The New York Times, however, just reported that the former head of a drug company was convicted of wire fraud for issuing what federal prosecutors called a misleading press release that contributed to off-label sales of his company’s drug. The former chief executive of InterMune was, however, acquitted of the related charge of “misbranding,” that is, off-label marketing itself. It seems like splitting legal hairs, yet the gentleman in question faces a jail term if his appeal fails.
This should strike fear into corporate executives who can hide behind a corporate shield when they promote drugs with false or misleading information.
The whole concept of off-label use by doctors and promotion of drugs for unapproved uses of new-and old drugs-deserves to be reassessed, not only by the Government, but by the research community.
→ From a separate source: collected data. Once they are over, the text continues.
(* Let $g\in L^\infty[0,1)$ be such that the limit $g(1):=\lim_{r\to1-0}g(r)$ exists and $g(1)\neq0$, and let $\gamma>0$. Then, as $n\to+\infty$, $$\int_0^1\frac{r^n}{\left(1+\log\frac{1}{1-r}\right)^{\gamma}}\,g(r)\,dr=\frac{g(1)}{n(\log n)^{\gamma}}\,(1+o(1)).$$ *)

theory Defs
  imports "HOL-Analysis.Analysis" "HOL-Library.Landau_Symbols"
begin

end

theory Submission
  imports Defs "HOL-Real_Asymp.Real_Asymp"
begin

(* The weight w(r) = (1 + ln (1/(1-r)))^(-gamma) is decreasing with values in (0,1]. Cutting [0,1)
   at t and bounding w by w(t) on one side gives
     w(t) t^(n+1) / (n+1) <= J_n = int r^n w(r) dr <= t^n + w(t) / (n+1),
   and the cut points t = 1 - 1/(n ln n) and t = 1 - (ln n)^2/n make both bounds
   ~ 1/(n (ln n)^gamma). Since 0 <= r^n w(r) <= r^n and s^n = o(J_n) for every s < 1, the kernels
   r^n w(r) / J_n concentrate at r = 1, so the integral against g equals J_n (g(1) + o(1)). *)

lemma set_integrable_bounded_Ico:
  fixes f :: "real \<Rightarrow> 'b::{banach, second_countable_topology}"
  assumes "set_borel_measurable lborel {a..<b} f"
    and "AE x in lborel. x \<in> {a..<b} \<longrightarrow> norm (f x) \<le> B"
  shows "set_integrable lborel {a..<b} f"
proof -
  have "set_integrable lborel {a..b} (\<lambda>_. B)"
    unfolding set_integrable_def by (rule borel_integrable_compact) auto
  then have "set_integrable lborel {a..<b} (\<lambda>_. B)"
    by (rule set_integrable_subset) auto
  then show ?thesis
    using assms(1) by (rule set_integrable_bound) (use assms(2) in \<open>auto elim: eventually_mono\<close>)
qed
I can offer many examples in a coming blog.
The next time your doctor prescribes a new drug for, let us say, fibromyalgia or depression,or anything else, it might be wise to ask him or her if this is an off-label use. Sometimes, in the case of life-threatening illness when options have been exhausted, off-label use of a drug might make sense, but in other situations, it might conceivably lead to patient-and doctor’s-remorse.